In our previous discussion, we saw that imposing bandlimited-ness on our class of signals permits point-wise sampling of our signal and then later perfect reconstruction. It turns out that by imposing *sparsity* we can also obtain perfect reconstruction irrespective of whether or not we have satsified the sampling rate limits imposed by Shannon's sampling theorem. This has extremely important in practice because many signals are naturally sparse so that collecting samples at high rates only to dump most of them as the signal is compressed is expensive and wasteful.

Let's carefully discuss what we mean by *sparse* in this context. A signal $f$ is sparse if it can be expressed in very few nonzero components ($\mathbf{s}$) with respect to a given basis ($ \mathbf{\Psi} $ ). In other words, in matrix-vector language:

$ \mathbf{f} = \mathbf{\Psi} \mathbf{s} $

where $ || \mathbf{s} ||_0 \leq N $ where $N$ is the length of the vector and $|| \cdot||_0$ counts the number of nonzero elements in $\mathbf{s}$. Furthermore, we don't actually collect $N$ samples point-wise as we did in the Shannon sampling case. Rather, we measure $\mathbf{f}$ indirectly as $\mathbf{y}$ with another matrix as in:

$\mathbf{y} = \mathbf{\Phi f} = \mathbf{\Phi} \mathbf{\Psi} \mathbf{s} = \mathbf{\Theta s} $

where $\mathbf{\Theta}$ is an $M \times N$ matrix and $ M < N $ is the number of measurements. This setup means we have two problems to solve. First, how to design a *stable* measurement matrix $\mathbf{\Phi}$ and then, second, how to reconstruct $ \mathbf{f} $ from $ \mathbf{y} $.

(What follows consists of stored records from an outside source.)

lemma sign_swaps_along_common_edge:
  assumes "affine_triangle v w c1 g" "affine_triangle v w c2 g"
  shows "((\<forall>p\<in>closed_segment v w. g p = 0) \<and>
      (\<forall>p1\<in>convex hull {v, w, c1} - closed_segment v w. \<forall>p2\<in>convex hull {v, w, c2} - closed_segment v w.
         lex_pos tie (g p1) \<noteq> lex_pos tie (g p2))) \<longleftrightarrow>
    g v = 0 \<and> g w = 0 \<and> lex_pos tie (g c1) \<noteq> lex_pos tie (g c2)"
proof (cases "g v = 0 \<and> g w = 0")
  case True
  have "c1 \<in> convex hull {v, w, c1} - closed_segment v w" "c2 \<in> convex hull {v, w, c2} - closed_segment v w"
    using affine_triangle.vertex_not_on_opposite_edge[OF assms(1)]
      affine_triangle.vertex_not_on_opposite_edge[OF assms(2)] by (simp_all add: hull_inc)
  moreover have "lex_pos tie (g p) = lex_pos tie (g c1)" if "p \<in> convex hull {v, w, c1} - closed_segment v w" for p
    using affine_triangle.sign_off_edge[OF assms(1)] True that by blast
  moreover have "lex_pos tie (g p) = lex_pos tie (g c2)" if "p \<in> convex hull {v, w, c2} - closed_segment v w" for p
    using affine_triangle.sign_off_edge[OF assms(2)] True that by blast
  moreover have "\<forall>p\<in>closed_segment v w. g p = 0"
    using affine_triangle.zero_on_edge[OF assms(1)] True by blast
  ultimately show ?thesis
    using True by metis
next
  case False
  then show ?thesis
    by auto
qed

lemma tri_verts_convex_hull:
  assumes "\<not> collinear {a, b, c}"
  shows "tri_verts (convex hull {a, b, c}) = {a, b, c}"
  using assms collinear_3_eq_affine_dependent extreme_point_of_convex_hull_affine_independent
  unfolding tri_verts_def by blast

lemma triangle_with_edge:
  assumes "is_triangle \<Delta>" "closed_segment v w \<in> tri_edges \<Delta>" "v \<noteq> w"
  obtains c where "\<not> collinear {v, w, c}" "\<Delta> = convex hull {v, w, c}"
proof -
  obtain a b c where nc: "\<not> collinear {a, b, c}" and \<Delta>: "\<Delta> = convex hull {a, b, c}"
    using assms(1) unfolding is_triangle_def by blast
  obtain x y where "x \<in> {a, b, c}" "y \<in> {a, b, c}" "closed_segment v w = closed_segment x y"
    using assms(2) unfolding tri_edges_def \<Delta> tri_verts_convex_hull[OF nc] by blast
  moreover from this(3) have "{v, w} = {x, y}"
    by simp
  ultimately have "v \<in> {a, b, c}" "w \<in> {a, b, c}"
    by blast+
  then have "\<exists>c'. {a, b, c} = {v, w, c'}"
    using assms(3) by (auto simp: insert_commute)
  then show ?thesis
    using that nc \<Delta> by auto
qed

lemma affine_on_filtration_difference:
  assumes "pl_fibered_filtration sig N T f" "\<Delta> \<in> T" "i \<in> {1..N}" "j \<in> {1..N}"
  shows "affine_on \<Delta> (\<lambda>p. f (sig i) p - f (sig j) p)"
proof -
  obtain Li ci where i: "linear Li" "\<forall>p\<in>\<Delta>. f (sig i) p = Li p + ci"
    using assms unfolding pl_fibered_filtration_def by blast
  obtain Lj cj where j: "linear Lj" "\<forall>p\<in>\<Delta>. f (sig j) p = Lj p + cj"
    using assms unfolding pl_fibered_filtration_def by blast
  have "linear (\<lambda>p. Li p - Lj p)"
    using i(1) j(1) by (rule linear_compose_sub)
  moreover have "\<forall>p\<in>\<Delta>. f (sig i) p - f (sig j) p = (Li p - Lj p) + (ci - cj)"
    using i(2) j(2) by simp
  ultimately show ?thesis
    unfolding affine_on_def by blast
qed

This may look like a standard linear algebra problem but since $ \mathbf{\Theta} $ has fewer rows than columns, the solution is necessarily ill-posed. This is where we inject the sparsity concept! Suppose that $f$ is $K$-sparse ( $||f||_0=K$ ), then if we somehow knew *which* $K$ columns of $ \mathbf{\Theta} $ matched the $K$ non-zero entries in $\mathbf{s}$, then $\mathbf{\Theta}$ would be $ M \times K $ where we could make $M > K$ and then have a stable inverse.

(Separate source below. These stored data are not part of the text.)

lemma card_trivial_words_upper:
  assumes "2 \<le> p"
  shows "card (trivial_words p m lo hi) \<le> pairing_count m * (hi - lo + m * p) ^ m"
proof (induction m arbitrary: lo hi)
  case 0
  have "trivial_words p 0 lo hi = {[]}" by (auto simp: trivial_words_def words_def)
  then show ?case by (simp add: pairing_count_def)
next
  case (Suc m)
  define K where "K = 2 * Suc m * (2 * Suc m - 1)"
  define C where "C = p - 1 + m * p"
  have "card (trivial_words p (Suc m) lo hi) \<le> card (\<Union>a\<in>{lo..<hi}. trivial_words_with p (Suc m) a hi)"
    using trivial_words_subset_UN_with[of "Suc m" p lo hi]
    by (intro card_mono) (auto simp: trivial_words_with_def finite_trivial_words)
  also have "\<dots> \<le> (\<Sum>a = lo..<hi. card (trivial_words_with p (Suc m) a hi))"
    by (rule card_UN_le) simp
  also have "\<dots> \<le> (\<Sum>a = lo..<hi. K * card (trivial_words p m a (hi + p - 1)))"
  proof (rule sum_mono)
    fix a
    show "card (trivial_words_with p (Suc m) a hi) \<le> K * card (trivial_words p m a (hi + p - 1))"
      using card_trivial_words_with_le[OF assms, of "Suc m" a hi] by (simp add: K_def)
  qed
  also have "\<dots> \<le> (\<Sum>a = lo..<hi. K * (pairing_count m * (hi - a + C) ^ m))"
  proof (intro sum_mono mult_left_mono)
    fix a assume "a \<in> {lo..<hi}"
    then have "hi + p - 1 - a + m * p = hi - a + C" using assms by (simp add: C_def)
    then show "card (trivial_words p m a (hi + p - 1)) \<le> pairing_count m * (hi - a + C) ^ m"
      using Suc.IH[of a "hi + p - 1"] by (simp add: add.assoc)
  qed simp
  also have "\<dots> = K * pairing_count m * (\<Sum>t = 1..hi - lo. (t + C) ^ m)"
    unfolding sum_reflect_atLeastLessThan[where f = "\<lambda>t. (t + C) ^ m", symmetric]
    by (simp add: sum_distrib_left mult.assoc)
  finally have "Suc m * card (trivial_words p (Suc m) lo hi)
      \<le> Suc m * (K * pairing_count m * (\<Sum>t = 1..hi - lo. (t + C) ^ m))"
    by (rule mult_le_mono2)
  also have "\<dots> = K * pairing_count m * (Suc m * (\<Sum>t = 1..hi - lo. (t + C) ^ m))"
    by (simp only: mult_ac)
  also have "\<dots> \<le> K * pairing_count m * (hi - lo + Suc m * p) ^ Suc m"
    using power_sum_le[where j = m and L = "hi - lo" and C = C] assms by (intro mult_left_mono) (simp_all add: C_def)
  also have "\<dots> = Suc m * (pairing_count (Suc m) * (hi - lo + Suc m * p) ^ Suc m)"
    unfolding K_def by (simp only: mult.assoc[symmetric] pairing_count_Suc)
  finally show ?case by (simp only: Suc_mult_le_cancel1)
qed

lemma tendsto_shifted_ratio_power: "(\<lambda>n. ((real n + c) / real n) ^ k) \<longlonglongrightarrow> 1"
proof -
  have "(\<lambda>n. (1 + c / real n) ^ k) \<longlonglongrightarrow> (1 + 0) ^ k"
    by (intro tendsto_intros lim_const_over_n)
  moreover have "\<forall>\<^sub>F n in sequentially. (1 + c / real n) ^ k = ((real n + c) / real n) ^ k"
    using eventually_gt_at_top[of 0] by eventually_elim (simp add: field_simps)
  ultimately show ?thesis by (simp add: Lim_transform_eventually)
qed

lemma card_trivial_words_ratio_ge:
  assumes "2 \<le> p" "m * p \<le> n"
  shows "real (pairing_count m) * ((real n - real (m * p)) / real n) ^ m
    \<le> real (card (trivial_words p m 0 n)) / real n ^ m"
proof -
  have "real (pairing_count m * (n - m * p) ^ m) \<le> real (card (trivial_words p m 0 n))"
    using card_trivial_words_lower[OF assms(1), where m = m and lo = 0 and hi = n]
    by (simp only: of_nat_le_iff diff_zero)
  moreover have "real (n - m * p) = real n - real (m * p)" using assms(2) by (rule of_nat_diff)
  ultimately have "real (pairing_count m) * (real n - real (m * p)) ^ m \<le> real (card (trivial_words p m 0 n))"
    by (simp only: of_nat_mult of_nat_power)
  then show ?thesis unfolding power_divide times_divide_eq_right by (rule divide_right_mono) simp
qed

lemma card_trivial_words_ratio_le:
  assumes "2 \<le> p"
  shows "real (card (trivial_words p m 0 n)) / real n ^ m
    \<le> real (pairing_count m) * ((real n + real (m * p)) / real n) ^ m"
proof -
  have "real (card (trivial_words p m 0 n)) \<le> real (pairing_count m * (n + m * p) ^ m)"
    using card_trivial_words_upper[OF assms, where m = m and lo = 0 and hi = n]
    by (simp only: of_nat_le_iff diff_zero)
  then have "real (card (trivial_words p m 0 n)) \<le> real (pairing_count m) * (real n + real (m * p)) ^ m"
    by (simp only: of_nat_mult of_nat_power of_nat_add)
  then show ?thesis unfolding power_divide times_divide_eq_right by (rule divide_right_mono) simp
qed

This bit of reasoning is encapsulated in the following statement for any vector $\mathbf{v}$ sharing the same $K$ non-zero entries as $\mathbf{s}$, we have

$$1-\epsilon \leq \frac{|| \mathbf{\Theta v} ||_2}{|| \mathbf{v} ||_2} \leq 1+\epsilon $$which is another way of saying that $\mathbf{\Theta}$ preserves the lengths of $K$-sparse vectors. Of course we don't know ahead of time which $K$ components to use, but it turns out that this condition is sufficient for a stable inverse of $\mathbf{\Theta}$ if it holds for any $3K$-sparse vector $\mathbf{v}$. This is the *Restricted Isometry Property* (RIP). Unfortunately, in order to use this sufficient condition, we would have to propose a $\mathbf{\Theta}$ and then check all possible combinations of nonzero entries in the $N$-length vector $\mathbf{v}$. As you may guess, this is prohibitive.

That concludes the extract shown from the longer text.